Gilligan, in consultation with Schermer, suggested Esposito try a mild dosage of Zoloft, and she took the medication from April through October of last year in conjunction with counseling.

"The entire process was a big help emotionally," she says. "It was very nice to have a safe space to talk about things and not worry about how people are going to react."

While individual cases like Esposito's do not present unusual challenges for the counseling office, resources are being strained as more and more students seek similar care. "We've done a good job, but we know how far we're stretched," says Schermer. "We're at a pretty vulnerable stage, and we might reach a point where we can't do the kind of work that we'd like to do."

Students who reach a crisis stage, such as a suicide attempt, put an even greater strain on College resources.

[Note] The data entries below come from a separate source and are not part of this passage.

(* Let $d>1$ be an integer and write $d=2^n3^mb$ with $\gcd(b,6)=1$. Let $a$ be an integer with $0\le a<d$, and let $f$ be the multiplicative order of $3/2$ modulo $b$. Then for every positive integer $x$ not divisible by $3$ there exists an admissible vector $s\in\mathcal{E}(x)$ with $v_s(x)\equiv a\pmod d$ and $l(s)\le 2(b-1)f+n+1$.
   Context: Let $T_0^{-1}(x)=2x$ and $T_1^{-1}(x)=(2x-1)/3$, viewed as maps $\mathbb{Q}\to\mathbb{Q}$. For $s=(s_0,s_1,\dots,s_k)$ with $k\ge 0$ and all $s_i$ nonnegative integers, the length of $s$ is $l(s)=k$ and $v_s=T_0^{-s_0}\circ T_1^{-1}\circ T_0^{-s_1}\circ T_1^{-1}\circ\cdots\circ T_1^{-1}\circ T_0^{-s_k}$ (with $k$ occurrences of $T_1^{-1}$). The vector $s$ is admissible for a positive integer $x$ if $v_s(x)$ is a positive integer; $\mathcal{E}(x)$ denotes the set of vectors admissible for $x$. *)

theory Defs
  imports "HOL-Number_Theory.Number_Theory"
begin

definition T0inv :: "rat \<Rightarrow> rat" where
  "T0inv x = 2 * x"

definition T1inv :: "rat \<Rightarrow> rat" where
  "T1inv x = (2 * x - 1) / 3"

text \<open>A vector s = (s_0,...,s_k) is a nonempty list; v_s = T0^{-s_0} o T1^{-1} o T0^{-s_1} o ... o T0^{-s_k}.\<close>
fun vs :: "nat list \<Rightarrow> rat \<Rightarrow> rat" where
  "vs [] = id"
| "vs [s0] = T0inv ^^ s0"
| "vs (s0 # rest) = (T0inv ^^ s0) \<circ> T1inv \<circ> vs rest"

text \<open>length l(s) = k for s = (s_0,...,s_k)\<close>
definition len :: "nat list \<Rightarrow> nat" where
  "len s = length s - 1"

definition admissible :: "nat list \<Rightarrow> nat \<Rightarrow> bool" where
  "admissible s x \<longleftrightarrow> s \<noteq> [] \<and> (\<exists>k::nat. k > 0 \<and> vs s (of_nat x) = of_nat k)"

definition E :: "nat \<Rightarrow> nat list set" where
  "E x = {s. admissible s x}"

definition ord32 :: "nat \<Rightarrow> nat" where
  "ord32 b = ord b (3 * modular_inverse b 2)"

end

theory Submission
  imports Defs
begin

(* Write twos s for the total exponent of 2 in v_s and offset s for its constant
   term, so that 3^k * v_s(x) = 2^(twos s) * x - offset s with k = l(s) (lemma vs_affine).
   It therefore suffices to find s whose numerator numer s x = 2^(twos s) * x - offset s is
   positive and congruent to 3^k * a modulo 3^k * d = 2^n * b * 3^(k+m)
   (admissible_of_congruence).  Vectors are assembled by gluing
   (glue s t, the vector of v_s o v_t), whose offsets compose affinely (offset_glue), and s is
   glued from three pieces, each responsible for one prime-power part of the modulus:
   - a prefix P of length <= n settling the condition modulo 2^n (two_adic_prefix);
   - b - 1 blocks of length f = ord32 b settling the condition modulo b (block_word_for_residue);
   - a tail of length f settling the condition modulo 3^(k+m), using that 2 is a primitive root
     modulo powers of 3, and making N(s) positive (tail_exists).
   The blocks only need 3^f = 2^f modulo b, which is what f = ord32 b provides (ord32_props).
   The three congruences combine by the Chinese remainder theorem (numerator_construction);
   the length is l(P) + f * (b - 1) + f <= n + f * b <= 2 * (b - 1) * f + n + 1. *)

(* The affine map v_s has leading coefficient 2^(twos s) / 3^(l(s)): every entry of s counts
   T0^{-1}-steps, and each of the l(s) steps T1^{-1} contributes one more factor 2. *)
definition twos :: "nat list \<Rightarrow> nat" where
  "twos s = sum_list s + len s"

(* offset s is the constant term of v_s after clearing the denominator 3^(l(s)); see vs_affine. *)
fun offset :: "nat list \<Rightarrow> nat" where
  "offset [] = 0"
| "offset [_] = 0"
| "offset (e # e' # t) = 2 ^ e * (2 * offset (e' # t) + 3 ^ length t)"

lemma T0inv_pow: "(T0inv ^^ e) y = 2 ^ e * y"
  by (induction e arbitrary: y) (simp_all add: T0inv_def)

lemma offset_Cons: "t \<noteq> [] \<Longrightarrow> offset (e # t) = 2 ^ e * (2 * offset t + 3 ^ len t)"
  by (cases t) (auto simp: len_def)

lemma len_Cons: "t \<noteq> [] \<Longrightarrow> len (e # t) = Suc (len t)"
  by (cases t) (auto simp: len_def)

lemma len_singleton [simp]: "len [e] = 0"
  by (simp add: len_def)

lemma twos_singleton [simp]: "twos [e] = e"
  by (simp add: twos_def)

lemma twos_Cons: "t \<noteq> [] \<Longrightarrow> twos (e # t) = e + 1 + twos t"
  by (simp add: twos_def len_Cons)

lemma vs_affine:
  "s \<noteq> [] \<Longrightarrow> 3 ^ len s * vs s y = 2 ^ twos s * y - of_nat (offset s)"
proof (induction s arbitrary: y rule: vs.induct)
  case 1 then show ?case by simp
next
  case (2 e) then show ?case by (simp add: T0inv_pow twos_def len_def)
next
  case (3 e e' t)
  let ?r = "e' # t"
  have IH: "3 ^ len ?r * vs ?r y = 2 ^ twos ?r * y - of_nat (offset ?r)"
    using 3 by simp
  have "3 ^ len (e # ?r) * vs (e # ?r) y = 3 ^ len ?r * 3 * (2 ^ e * ((2 * vs ?r y - 1) / 3))"
    by (simp add: T0inv_pow T1inv_def len_def)
  also have "\<dots> = 2 ^ e * (2 * (3 ^ len ?r * vs ?r y) - 3 ^ len ?r)"
    by (simp add: field_simps)
  also have "\<dots> = 2 ^ twos (e # ?r) * y - of_nat (offset (e # ?r))"
    unfolding IH by (simp add: twos_Cons offset_Cons len_def algebra_simps power_add)
  finally show ?case .
qed

(* The numerator of v_s(x) over the denominator 3^(l(s)). *)
definition numer :: "nat list \<Rightarrow> nat \<Rightarrow> int" where
  "numer s x = 2 ^ twos s * int x - int (offset s)"

lemma admissible_of_congruence:
  fixes x a d :: nat and s :: "nat list"
  assumes s: "s \<noteq> []" and pos: "numer s x > 0"
    and cong: "[numer s x = 3 ^ len s * int a] (mod 3 ^ len s * int d)"
  shows "s \<in> E x \<and> (\<exists>z::nat. vs s (of_nat x) = of_nat z \<and> [z = a] (mod d))"
proof -
  have "[numer s x = 3 ^ len s * int a] (mod 3 ^ len s)"
    using cong by (rule cong_modulus_mult)
  then have "3 ^ len s dvd numer s x"
    by (simp add: cong_dvd_iff)
  then obtain z0 where z0: "numer s x = 3 ^ len s * z0" by blast
  then have "z0 > 0" using pos by (simp add: zero_less_mult_iff)
  define z where "z = nat z0"
  have z: "int z = z0" using \<open>z0 > 0\<close> by (simp add: z_def)
  have "3 ^ len s * vs s (of_nat x) = 2 ^ twos s * of_nat x - of_nat (offset s)"
    by (rule vs_affine[OF s])
  also have "\<dots> = of_int (numer s x)" by (simp add: numer_def)
  also have "\<dots> = 3 ^ len s * of_nat z" by (simp add: z0 z[symmetric])
  finally have vs: "vs s (of_nat x) = of_nat z" by simp
  have "3 ^ len s * int d dvd 3 ^ len s * (int z - int a)"
    using cong by (simp add: cong_iff_dvd_diff z0 z right_diff_distrib)
  then have "[z = a] (mod d)"
    by (simp add: cong_iff_dvd_diff cong_int_iff[symmetric])
  moreover have "s \<in> E x"
    using s vs \<open>z0 > 0\<close> z by (auto simp: E_def admissible_def)
  ultimately show ?thesis using vs by blast
qed

(* Gluing two vectors adds the last entry of s to the first entry of t; since powers of T0^{-1}
   merge, v_(glue s t) = v_s o v_t.  All constructions below glue simpler pieces. *)
definition glue :: "nat list \<Rightarrow> nat list \<Rightarrow> nat list" where
  "glue s t = butlast s @ (last s + hd t) # tl t"

lemma glue_nonempty: "glue s t \<noteq> []"
  by (simp add: glue_def)

lemma glue_Cons: "s \<noteq> [] \<Longrightarrow> glue (e # s) t = e # glue s t"
  by (simp add: glue_def)

lemma len_glue: "s \<noteq> [] \<Longrightarrow> t \<noteq> [] \<Longrightarrow> len (glue s t) = len s + len t"
  by (cases t) (auto simp: glue_def len_def)

lemma twos_glue: "s \<noteq> [] \<Longrightarrow> t \<noteq> [] \<Longrightarrow> twos (glue s t) = twos s + twos t"
proof -
  assume s: "s \<noteq> []" and t: "t \<noteq> []"
  have "sum_list s = sum_list (butlast s) + last s"
    using s by (metis append_butlast_last_id sum_list_append sum_list_simps add_0 add.commute)
  moreover have "sum_list t = hd t + sum_list (tl t)"
    using t by (cases t) auto
  ultimately have "sum_list (glue s t) = sum_list s + sum_list t"
    by (simp add: glue_def)
  then show ?thesis using s t by (simp add: twos_def len_glue)
qed

lemma offset_glue:
  "s \<noteq> [] \<Longrightarrow> t \<noteq> [] \<Longrightarrow> offset (glue s t) = 2 ^ twos s * offset t + 3 ^ len t * offset s"
proof (induction s)
  case Nil then show ?case by simp
next
  case (Cons e s)
  obtain h r where t: "t = h # r" using Cons.prems by (cases t) auto
  show ?case
  proof (cases "s = []")
    case True
    then show ?thesis using t
      by (cases "r = []") (simp_all add: glue_def twos_def len_def offset_Cons power_add)
  next
    case False
    have "offset (glue (e # s) t) = 2 ^ e * (2 * offset (glue s t) + 3 ^ (len s + len t))"
      using False Cons.prems by (simp add: glue_Cons offset_Cons glue_nonempty len_glue)
    also have "\<dots> = 2 ^ twos (e # s) * offset t + 3 ^ len t * offset (e # s)"
      using Cons False by (simp add: twos_Cons offset_Cons algebra_simps power_add)
    finally show ?thesis .
  qed
qed

lemma offset_zeros: "int (offset (replicate j 0 @ [e])) = 3 ^ j - 2 ^ j"
proof (induction j)
  case 0 then show ?case by simp
next
  case (Suc j)
  have "offset (replicate (Suc j) 0 @ [e]) = 2 * offset (replicate j 0 @ [e]) + 3 ^ j"
    by (simp add: offset_Cons len_def)
  then show ?case using Suc by simp
qed

lemma twos_zeros: "twos (replicate j 0 @ [e]) = j + e"
  by (simp add: twos_def len_def)

lemma len_zeros: "len (replicate j 0 @ [e]) = j"
  by (simp add: len_def)

lemma coprime6_factors:
  fixes b :: nat
  assumes "coprime b 6"
  shows "coprime b 2" "coprime b 3" "coprime (int b) 2" "coprime (int b) 3"
proof -
  have "coprime b (2 * 3)" using assms by simp
  then show "coprime b 2" "coprime b 3" by (simp_all only: coprime_mult_right_iff)
  then show "coprime (int b) 2" "coprime (int b) 3"
    by (metis coprime_int_iff of_nat_numeral)+
qed

lemma two_power_totient:
  fixes N :: nat
  assumes "coprime N 2"
  shows "[2 ^ (totient N * j) = 1] (mod int N)"
proof -
  have "[2 ^ totient N = 1] (mod N)"
    using assms by (intro euler_theorem) (simp add: coprime_commute)
  then have "[(2 ^ totient N) ^ j = 1 ^ j] (mod N)"
    by (rule cong_pow)
  then show ?thesis
    by (metis cong_int_iff of_nat_1 of_nat_numeral of_nat_power power_mult power_one)
qed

"Once the incident occurs, that only begins the process of trying to help," Martindell says. "It might involve hospitalization, working with the family, sending the student home. Then there's the follow- up and trying to determine when the student is ready to come back. A lot of people have to get involved to try and make that determination. When you put several students like that together, it's overwhelming because it's not in anybody's job description to oversee that process."

How to meet the challenges of overseeing this process is an issue at schools across the country. Steele says there are plans to evaluate how Kenyon deals with students suffering from mental illness sometime this year and to determine if changes need to be made. "In the current economic situation, we are not going to get more staff," she says. "We've got to make what we've got work, because the number of students coming to us with problems isn't going to change."

More fundamentally, Kenyon may be deciding what role it wants to play in the lives of students outside the classroom.

"There seem to be a lot of students who have serious psychological disorders," Levine says. The school is caught between accepting them and nurturing them, or sending them home where parents often don't know what to do with them or think they're better off at school."